■ **Work item**
The answer must be an exact copy of every record.

Stored data entries:

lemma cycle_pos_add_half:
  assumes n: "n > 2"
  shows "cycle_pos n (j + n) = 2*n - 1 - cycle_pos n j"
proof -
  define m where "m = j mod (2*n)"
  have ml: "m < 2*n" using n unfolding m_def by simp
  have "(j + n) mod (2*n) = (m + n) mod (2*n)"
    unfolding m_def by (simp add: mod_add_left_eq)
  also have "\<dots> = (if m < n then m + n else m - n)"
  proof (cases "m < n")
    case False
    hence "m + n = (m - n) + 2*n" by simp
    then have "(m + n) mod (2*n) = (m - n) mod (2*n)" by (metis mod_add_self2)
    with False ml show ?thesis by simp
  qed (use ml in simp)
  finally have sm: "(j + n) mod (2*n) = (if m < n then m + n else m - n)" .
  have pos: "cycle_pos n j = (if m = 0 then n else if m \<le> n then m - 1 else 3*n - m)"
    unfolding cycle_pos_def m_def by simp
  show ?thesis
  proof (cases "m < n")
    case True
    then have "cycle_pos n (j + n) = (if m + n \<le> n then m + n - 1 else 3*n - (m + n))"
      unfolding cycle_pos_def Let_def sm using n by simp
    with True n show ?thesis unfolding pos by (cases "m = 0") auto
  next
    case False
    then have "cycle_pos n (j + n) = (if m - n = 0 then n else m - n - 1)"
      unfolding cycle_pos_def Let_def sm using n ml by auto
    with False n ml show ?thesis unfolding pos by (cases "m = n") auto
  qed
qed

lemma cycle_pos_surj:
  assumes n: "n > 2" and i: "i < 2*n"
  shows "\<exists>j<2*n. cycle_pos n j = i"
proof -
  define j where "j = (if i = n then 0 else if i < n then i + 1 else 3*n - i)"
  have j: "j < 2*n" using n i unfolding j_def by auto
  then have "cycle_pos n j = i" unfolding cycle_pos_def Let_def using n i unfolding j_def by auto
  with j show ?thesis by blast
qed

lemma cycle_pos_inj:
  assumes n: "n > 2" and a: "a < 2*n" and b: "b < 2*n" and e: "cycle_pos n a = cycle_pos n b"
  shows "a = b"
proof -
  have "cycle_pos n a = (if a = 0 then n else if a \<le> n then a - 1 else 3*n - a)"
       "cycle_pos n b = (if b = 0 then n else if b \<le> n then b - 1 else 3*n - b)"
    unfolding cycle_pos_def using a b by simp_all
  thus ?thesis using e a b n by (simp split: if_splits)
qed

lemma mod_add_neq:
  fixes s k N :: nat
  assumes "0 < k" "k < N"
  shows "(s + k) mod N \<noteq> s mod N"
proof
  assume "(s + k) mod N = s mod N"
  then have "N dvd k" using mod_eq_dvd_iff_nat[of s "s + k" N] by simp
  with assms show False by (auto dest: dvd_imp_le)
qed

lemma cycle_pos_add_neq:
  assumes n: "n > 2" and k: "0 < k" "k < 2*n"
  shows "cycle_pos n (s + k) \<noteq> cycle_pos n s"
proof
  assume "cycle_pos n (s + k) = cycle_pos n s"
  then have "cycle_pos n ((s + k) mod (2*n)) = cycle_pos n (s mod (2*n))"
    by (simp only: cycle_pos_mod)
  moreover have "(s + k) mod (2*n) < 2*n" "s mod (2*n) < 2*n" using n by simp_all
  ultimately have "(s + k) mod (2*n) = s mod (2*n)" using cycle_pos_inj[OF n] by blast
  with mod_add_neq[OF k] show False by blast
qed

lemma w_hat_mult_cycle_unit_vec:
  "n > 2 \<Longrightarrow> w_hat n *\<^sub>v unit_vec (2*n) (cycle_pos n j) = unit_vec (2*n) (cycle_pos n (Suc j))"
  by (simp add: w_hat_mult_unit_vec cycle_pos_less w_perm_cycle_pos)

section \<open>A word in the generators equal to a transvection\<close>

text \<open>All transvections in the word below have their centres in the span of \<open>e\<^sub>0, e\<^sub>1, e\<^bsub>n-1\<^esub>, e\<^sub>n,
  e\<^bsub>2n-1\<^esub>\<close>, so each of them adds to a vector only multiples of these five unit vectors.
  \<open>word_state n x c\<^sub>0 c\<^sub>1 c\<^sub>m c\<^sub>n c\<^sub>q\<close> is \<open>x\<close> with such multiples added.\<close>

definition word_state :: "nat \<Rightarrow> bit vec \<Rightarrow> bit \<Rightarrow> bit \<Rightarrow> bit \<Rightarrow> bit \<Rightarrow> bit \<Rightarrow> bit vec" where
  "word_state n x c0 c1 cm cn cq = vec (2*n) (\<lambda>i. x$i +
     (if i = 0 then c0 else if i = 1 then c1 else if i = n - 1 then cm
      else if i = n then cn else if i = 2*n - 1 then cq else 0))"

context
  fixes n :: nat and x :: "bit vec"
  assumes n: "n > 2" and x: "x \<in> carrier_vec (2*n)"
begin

■ **Exercise response**
lemma cycle_pos_add_half:
  assumes n: "n > 2"
  shows "cycle_pos n (j + n) = 2*n - 1 - cycle_pos n j"
proof -
  define m where "m = j mod (2*n)"
  have ml: "m < 2*n" using n unfolding m_def by simp
  have "(j + n) mod (2*n) = (m + n) mod (2*n)"
    unfolding m_def by (simp add: mod_add_left_eq)
  also have "\<dots> = (if m < n then m + n else m - n)"
  proof (cases "m < n")
    case False
    hence "m + n = (m - n) + 2*n" by simp
    then have "(m + n) mod (2*n) = (m - n) mod (2*n)" by (metis mod_add_self2)
    with False ml show ?thesis by simp
  qed (use ml in simp)
  finally have sm: "(j + n) mod (2*n) = (if m < n then m + n else m - n)" .
  have pos: "cycle_pos n j = (if m = 0 then n else if m \<le> n then m - 1 else 3*n - m)"
    unfolding cycle_pos_def m_def by simp
  show ?thesis
  proof (cases "m < n")
    case True
    then have "cycle_pos n (j + n) = (if m + n \<le> n then m + n - 1 else 3*n - (m + n))"
      unfolding cycle_pos_def Let_def sm using n by simp
    with True n show ?thesis unfolding pos by (cases "m = 0") auto
  next
    case False
    then have "cycle_pos n (j + n) = (if m - n = 0 then n else m - n - 1)"
      unfolding cycle_pos_def Let_def sm using n ml by auto
    with False n ml show ?thesis unfolding pos by (cases "m = n") auto
  qed
qed

lemma cycle_pos_surj:
  assumes n: "n > 2" and i: "i < 2*n"
  shows "\<exists>j<2*n. cycle_pos n j = i"
proof -
  define j where "j = (if i = n then 0 else if i < n then i + 1 else 3*n - i)"
  have j: "j < 2*n" using n i unfolding j_def by auto
  then have "cycle_pos n j = i" unfolding cycle_pos_def Let_def using n i unfolding j_def by auto
  with j show ?thesis by blast
qed

lemma cycle_pos_inj:
  assumes n: "n > 2" and a: "a < 2*n" and b: "b < 2*n" and e: "cycle_pos n a = cycle_pos n b"
  shows "a = b"
proof -
  have "cycle_pos n a = (if a = 0 then n else if a \<le> n then a - 1 else 3*n - a)"
       "cycle_pos n b = (if b = 0 then n else if b \<le> n then b - 1 else 3*n - b)"
    unfolding cycle_pos_def using a b by simp_all
  thus ?thesis using e a b n by (simp split: if_splits)
qed

lemma mod_add_neq:
  fixes s k N :: nat
  assumes "0 < k" "k < N"
  shows "(s + k) mod N \<noteq> s mod N"
proof
  assume "(s + k) mod N = s mod N"
  then have "N dvd k" using mod_eq_dvd_iff_nat[of s "s + k" N] by simp
  with assms show False by (auto dest: dvd_imp_le)
qed

lemma cycle_pos_add_neq:
  assumes n: "n > 2" and k: "0 < k" "k < 2*n"
  shows "cycle_pos n (s + k) \<noteq> cycle_pos n s"
proof
  assume "cycle_pos n (s + k) = cycle_pos n s"
  then have "cycle_pos n ((s + k) mod (2*n)) = cycle_pos n (s mod (2*n))"
    by (simp only: cycle_pos_mod)
  moreover have "(s + k) mod (2*n) < 2*n" "s mod (2*n) < 2*n" using n by simp_all
  ultimately have "(s + k) mod (2*n) = s mod (2*n)" using cycle_pos_inj[OF n] by blast
  with mod_add_neq[OF k] show False by blast
qed

lemma w_hat_mult_cycle_unit_vec:
  "n > 2 \<Longrightarrow> w_hat n *\<^sub>v unit_vec (2*n) (cycle_pos n j) = unit_vec (2*n) (cycle_pos n (Suc j))"
  by (simp add: w_hat_mult_unit_vec cycle_pos_less w_perm_cycle_pos)

section \<open>A word in the generators equal to a transvection\<close>

text \<open>All transvections in the word below have their centres in the span of \<open>e\<^sub>0, e\<^sub>1, e\<^bsub>n-1\<^esub>, e\<^sub>n,
  e\<^bsub>2n-1\<^esub>\<close>, so each of them adds to a vector only multiples of these five unit vectors.
  \<open>word_state n x c\<^sub>0 c\<^sub>1 c\<^sub>m c\<^sub>n c\<^sub>q\<close> is \<open>x\<close> with such multiples added.\<close>

definition word_state :: "nat \<Rightarrow> bit vec \<Rightarrow> bit \<Rightarrow> bit \<Rightarrow> bit \<Rightarrow> bit \<Rightarrow> bit \<Rightarrow> bit vec" where
  "word_state n x c0 c1 cm cn cq = vec (2*n) (\<lambda>i. x$i +
     (if i = 0 then c0 else if i = 1 then c1 else if i = n - 1 then cm
      else if i = n then cn else if i = 2*n - 1 then cq else 0))"

context
  fixes n :: nat and x :: "bit vec"
  assumes n: "n > 2" and x: "x \<in> carrier_vec (2*n)"
begin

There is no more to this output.